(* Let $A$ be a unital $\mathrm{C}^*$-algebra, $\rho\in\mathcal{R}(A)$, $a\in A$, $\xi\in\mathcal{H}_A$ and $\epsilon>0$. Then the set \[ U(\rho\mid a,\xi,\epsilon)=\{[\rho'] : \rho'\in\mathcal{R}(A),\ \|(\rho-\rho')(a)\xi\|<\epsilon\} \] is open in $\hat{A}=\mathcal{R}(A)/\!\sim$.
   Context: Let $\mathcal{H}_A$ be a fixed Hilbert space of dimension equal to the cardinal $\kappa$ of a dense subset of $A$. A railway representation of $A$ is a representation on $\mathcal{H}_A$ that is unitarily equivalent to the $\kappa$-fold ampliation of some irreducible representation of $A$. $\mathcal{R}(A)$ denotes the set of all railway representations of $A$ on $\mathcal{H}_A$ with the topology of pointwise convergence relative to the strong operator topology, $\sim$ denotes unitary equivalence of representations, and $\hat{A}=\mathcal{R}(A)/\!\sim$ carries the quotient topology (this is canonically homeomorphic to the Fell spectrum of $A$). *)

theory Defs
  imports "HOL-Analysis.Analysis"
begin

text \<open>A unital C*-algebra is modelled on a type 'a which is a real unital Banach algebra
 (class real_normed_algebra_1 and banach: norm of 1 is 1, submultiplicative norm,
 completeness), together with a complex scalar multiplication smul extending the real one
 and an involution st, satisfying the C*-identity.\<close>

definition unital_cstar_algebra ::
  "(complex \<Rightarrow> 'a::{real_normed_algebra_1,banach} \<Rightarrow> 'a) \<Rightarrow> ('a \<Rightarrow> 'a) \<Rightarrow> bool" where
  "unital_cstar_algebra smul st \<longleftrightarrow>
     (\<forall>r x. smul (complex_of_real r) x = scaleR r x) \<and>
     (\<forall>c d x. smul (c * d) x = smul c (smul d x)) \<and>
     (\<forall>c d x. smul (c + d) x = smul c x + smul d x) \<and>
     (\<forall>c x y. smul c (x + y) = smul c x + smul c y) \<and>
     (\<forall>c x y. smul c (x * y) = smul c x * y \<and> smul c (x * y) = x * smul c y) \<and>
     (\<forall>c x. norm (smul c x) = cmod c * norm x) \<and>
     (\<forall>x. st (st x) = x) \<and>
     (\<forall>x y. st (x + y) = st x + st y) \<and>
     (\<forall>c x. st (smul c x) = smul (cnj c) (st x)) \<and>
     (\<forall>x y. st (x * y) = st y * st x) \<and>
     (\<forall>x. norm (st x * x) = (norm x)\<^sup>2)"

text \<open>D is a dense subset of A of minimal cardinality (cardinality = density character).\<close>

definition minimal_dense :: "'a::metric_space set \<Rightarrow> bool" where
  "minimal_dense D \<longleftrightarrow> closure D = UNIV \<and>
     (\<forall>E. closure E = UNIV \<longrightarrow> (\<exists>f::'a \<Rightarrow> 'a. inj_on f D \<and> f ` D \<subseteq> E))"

◇ ◇ ◇

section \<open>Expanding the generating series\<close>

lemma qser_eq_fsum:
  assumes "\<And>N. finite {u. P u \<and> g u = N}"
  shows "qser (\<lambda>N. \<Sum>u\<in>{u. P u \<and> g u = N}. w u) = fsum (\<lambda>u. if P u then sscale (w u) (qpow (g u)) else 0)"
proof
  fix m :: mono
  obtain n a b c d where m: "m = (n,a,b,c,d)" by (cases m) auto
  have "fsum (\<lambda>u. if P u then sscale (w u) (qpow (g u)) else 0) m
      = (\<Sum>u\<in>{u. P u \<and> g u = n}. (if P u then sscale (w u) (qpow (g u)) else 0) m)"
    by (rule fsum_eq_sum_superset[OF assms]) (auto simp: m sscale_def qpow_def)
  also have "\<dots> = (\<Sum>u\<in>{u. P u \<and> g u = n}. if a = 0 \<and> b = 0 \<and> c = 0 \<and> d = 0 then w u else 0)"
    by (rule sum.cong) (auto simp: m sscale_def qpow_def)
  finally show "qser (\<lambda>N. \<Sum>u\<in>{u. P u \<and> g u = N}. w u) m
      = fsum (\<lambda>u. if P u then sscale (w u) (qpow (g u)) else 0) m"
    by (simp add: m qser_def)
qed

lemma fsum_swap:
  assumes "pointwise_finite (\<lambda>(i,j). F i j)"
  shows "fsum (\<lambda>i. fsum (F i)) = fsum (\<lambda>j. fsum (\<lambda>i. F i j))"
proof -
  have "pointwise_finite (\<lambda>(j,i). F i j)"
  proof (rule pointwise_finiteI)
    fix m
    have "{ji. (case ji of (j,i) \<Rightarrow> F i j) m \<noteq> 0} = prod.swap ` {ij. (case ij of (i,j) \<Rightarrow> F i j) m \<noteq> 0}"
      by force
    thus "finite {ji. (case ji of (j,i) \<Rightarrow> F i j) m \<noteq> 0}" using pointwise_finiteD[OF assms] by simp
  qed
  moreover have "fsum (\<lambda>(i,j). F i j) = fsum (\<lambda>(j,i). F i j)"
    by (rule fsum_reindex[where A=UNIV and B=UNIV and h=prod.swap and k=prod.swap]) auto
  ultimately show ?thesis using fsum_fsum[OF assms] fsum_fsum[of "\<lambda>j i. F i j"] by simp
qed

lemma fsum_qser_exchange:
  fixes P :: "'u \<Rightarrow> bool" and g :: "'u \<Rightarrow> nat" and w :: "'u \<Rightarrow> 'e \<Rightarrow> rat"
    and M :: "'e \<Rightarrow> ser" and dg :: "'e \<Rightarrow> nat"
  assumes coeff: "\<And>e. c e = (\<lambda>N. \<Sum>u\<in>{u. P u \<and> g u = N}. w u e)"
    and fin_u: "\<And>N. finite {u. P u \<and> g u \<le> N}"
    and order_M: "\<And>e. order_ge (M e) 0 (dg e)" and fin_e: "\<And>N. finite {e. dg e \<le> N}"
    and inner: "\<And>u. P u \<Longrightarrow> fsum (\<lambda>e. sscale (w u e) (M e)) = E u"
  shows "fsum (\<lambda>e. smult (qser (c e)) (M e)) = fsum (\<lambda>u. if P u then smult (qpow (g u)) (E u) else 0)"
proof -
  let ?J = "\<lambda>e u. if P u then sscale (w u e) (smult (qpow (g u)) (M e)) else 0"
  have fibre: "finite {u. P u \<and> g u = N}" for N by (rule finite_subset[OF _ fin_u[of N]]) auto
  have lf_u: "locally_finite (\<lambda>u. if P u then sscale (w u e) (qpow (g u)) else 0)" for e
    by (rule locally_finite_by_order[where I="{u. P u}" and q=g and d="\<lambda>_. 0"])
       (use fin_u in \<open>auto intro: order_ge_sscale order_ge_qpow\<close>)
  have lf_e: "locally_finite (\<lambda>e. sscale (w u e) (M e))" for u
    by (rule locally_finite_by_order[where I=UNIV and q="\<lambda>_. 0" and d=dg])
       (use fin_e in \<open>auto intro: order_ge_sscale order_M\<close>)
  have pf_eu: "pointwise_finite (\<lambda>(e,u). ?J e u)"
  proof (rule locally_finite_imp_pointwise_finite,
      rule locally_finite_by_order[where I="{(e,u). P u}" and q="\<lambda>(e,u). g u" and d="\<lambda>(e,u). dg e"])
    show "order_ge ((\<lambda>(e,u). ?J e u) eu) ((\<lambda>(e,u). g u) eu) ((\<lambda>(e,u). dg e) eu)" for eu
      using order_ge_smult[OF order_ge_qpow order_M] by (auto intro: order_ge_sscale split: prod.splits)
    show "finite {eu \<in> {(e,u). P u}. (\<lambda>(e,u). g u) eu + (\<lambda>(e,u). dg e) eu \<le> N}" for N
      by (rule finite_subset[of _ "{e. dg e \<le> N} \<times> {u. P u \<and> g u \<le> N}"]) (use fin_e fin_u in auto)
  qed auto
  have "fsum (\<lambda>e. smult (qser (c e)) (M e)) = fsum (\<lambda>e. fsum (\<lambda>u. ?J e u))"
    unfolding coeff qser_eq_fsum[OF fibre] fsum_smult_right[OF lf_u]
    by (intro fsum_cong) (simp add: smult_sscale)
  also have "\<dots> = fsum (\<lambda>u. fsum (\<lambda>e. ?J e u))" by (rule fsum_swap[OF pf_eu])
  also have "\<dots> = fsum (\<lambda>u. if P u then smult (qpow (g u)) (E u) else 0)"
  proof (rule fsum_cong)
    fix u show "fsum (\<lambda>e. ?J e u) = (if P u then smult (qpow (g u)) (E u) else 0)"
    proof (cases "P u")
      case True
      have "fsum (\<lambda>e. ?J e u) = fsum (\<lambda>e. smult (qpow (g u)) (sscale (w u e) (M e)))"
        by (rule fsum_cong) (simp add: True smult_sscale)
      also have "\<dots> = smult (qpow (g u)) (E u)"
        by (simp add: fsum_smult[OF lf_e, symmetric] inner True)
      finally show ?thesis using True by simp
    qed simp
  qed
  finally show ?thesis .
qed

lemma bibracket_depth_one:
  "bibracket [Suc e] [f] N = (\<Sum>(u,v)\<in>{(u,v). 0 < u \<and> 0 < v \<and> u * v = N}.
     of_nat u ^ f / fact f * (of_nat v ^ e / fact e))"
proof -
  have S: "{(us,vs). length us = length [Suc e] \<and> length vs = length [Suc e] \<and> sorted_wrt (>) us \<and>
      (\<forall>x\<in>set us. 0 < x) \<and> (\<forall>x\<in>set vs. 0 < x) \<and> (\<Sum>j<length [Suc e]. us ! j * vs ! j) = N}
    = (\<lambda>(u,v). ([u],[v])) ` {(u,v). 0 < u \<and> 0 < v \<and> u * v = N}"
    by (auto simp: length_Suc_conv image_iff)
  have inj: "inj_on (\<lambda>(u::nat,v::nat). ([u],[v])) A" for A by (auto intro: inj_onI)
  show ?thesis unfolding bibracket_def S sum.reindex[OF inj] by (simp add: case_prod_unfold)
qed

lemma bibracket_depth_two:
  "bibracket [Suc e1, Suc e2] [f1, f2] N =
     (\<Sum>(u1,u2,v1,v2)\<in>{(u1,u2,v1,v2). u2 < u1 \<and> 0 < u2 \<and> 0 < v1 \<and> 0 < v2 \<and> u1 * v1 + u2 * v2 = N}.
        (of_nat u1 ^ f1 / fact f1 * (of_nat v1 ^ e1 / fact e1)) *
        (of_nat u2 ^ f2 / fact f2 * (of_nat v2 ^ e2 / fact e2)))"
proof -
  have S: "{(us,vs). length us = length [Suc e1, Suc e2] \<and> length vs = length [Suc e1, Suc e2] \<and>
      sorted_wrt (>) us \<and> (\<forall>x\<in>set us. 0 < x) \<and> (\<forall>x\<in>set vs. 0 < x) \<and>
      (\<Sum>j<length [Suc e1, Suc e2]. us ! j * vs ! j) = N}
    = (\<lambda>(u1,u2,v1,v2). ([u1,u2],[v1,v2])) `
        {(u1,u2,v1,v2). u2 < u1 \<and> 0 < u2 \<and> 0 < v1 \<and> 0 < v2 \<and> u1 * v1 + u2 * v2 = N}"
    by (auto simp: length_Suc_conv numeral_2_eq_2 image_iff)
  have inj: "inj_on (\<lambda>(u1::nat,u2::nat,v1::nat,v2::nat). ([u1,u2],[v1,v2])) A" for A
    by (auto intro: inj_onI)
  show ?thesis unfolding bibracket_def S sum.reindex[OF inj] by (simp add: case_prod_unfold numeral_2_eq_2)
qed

◇ ◇ ◇

WORK TO COMPLETE: Out of the listing above, reproduce exactly the lines from the one with "(* Let $A$ be" up to and including the one with "(\<forall>x. st (st x) = x) \<and>".

COMPLETED TASK:
(* Let $A$ be a unital $\mathrm{C}^*$-algebra, $\rho\in\mathcal{R}(A)$, $a\in A$, $\xi\in\mathcal{H}_A$ and $\epsilon>0$. Then the set \[ U(\rho\mid a,\xi,\epsilon)=\{[\rho'] : \rho'\in\mathcal{R}(A),\ \|(\rho-\rho')(a)\xi\|<\epsilon\} \] is open in $\hat{A}=\mathcal{R}(A)/\!\sim$.
   Context: Let $\mathcal{H}_A$ be a fixed Hilbert space of dimension equal to the cardinal $\kappa$ of a dense subset of $A$. A railway representation of $A$ is a representation on $\mathcal{H}_A$ that is unitarily equivalent to the $\kappa$-fold ampliation of some irreducible representation of $A$. $\mathcal{R}(A)$ denotes the set of all railway representations of $A$ on $\mathcal{H}_A$ with the topology of pointwise convergence relative to the strong operator topology, $\sim$ denotes unitary equivalence of representations, and $\hat{A}=\mathcal{R}(A)/\!\sim$ carries the quotient topology (this is canonically homeomorphic to the Fell spectrum of $A$). *)

theory Defs
  imports "HOL-Analysis.Analysis"
begin

text \<open>A unital C*-algebra is modelled on a type 'a which is a real unital Banach algebra
 (class real_normed_algebra_1 and banach: norm of 1 is 1, submultiplicative norm,
 completeness), together with a complex scalar multiplication smul extending the real one
 and an involution st, satisfying the C*-identity.\<close>

definition unital_cstar_algebra ::
  "(complex \<Rightarrow> 'a::{real_normed_algebra_1,banach} \<Rightarrow> 'a) \<Rightarrow> ('a \<Rightarrow> 'a) \<Rightarrow> bool" where
  "unital_cstar_algebra smul st \<longleftrightarrow>
     (\<forall>r x. smul (complex_of_real r) x = scaleR r x) \<and>
     (\<forall>c d x. smul (c * d) x = smul c (smul d x)) \<and>
     (\<forall>c d x. smul (c + d) x = smul c x + smul d x) \<and>
     (\<forall>c x y. smul c (x + y) = smul c x + smul c y) \<and>
     (\<forall>c x y. smul c (x * y) = smul c x * y \<and> smul c (x * y) = x * smul c y) \<and>
     (\<forall>c x. norm (smul c x) = cmod c * norm x) \<and>
     (\<forall>x. st (st x) = x) \<and>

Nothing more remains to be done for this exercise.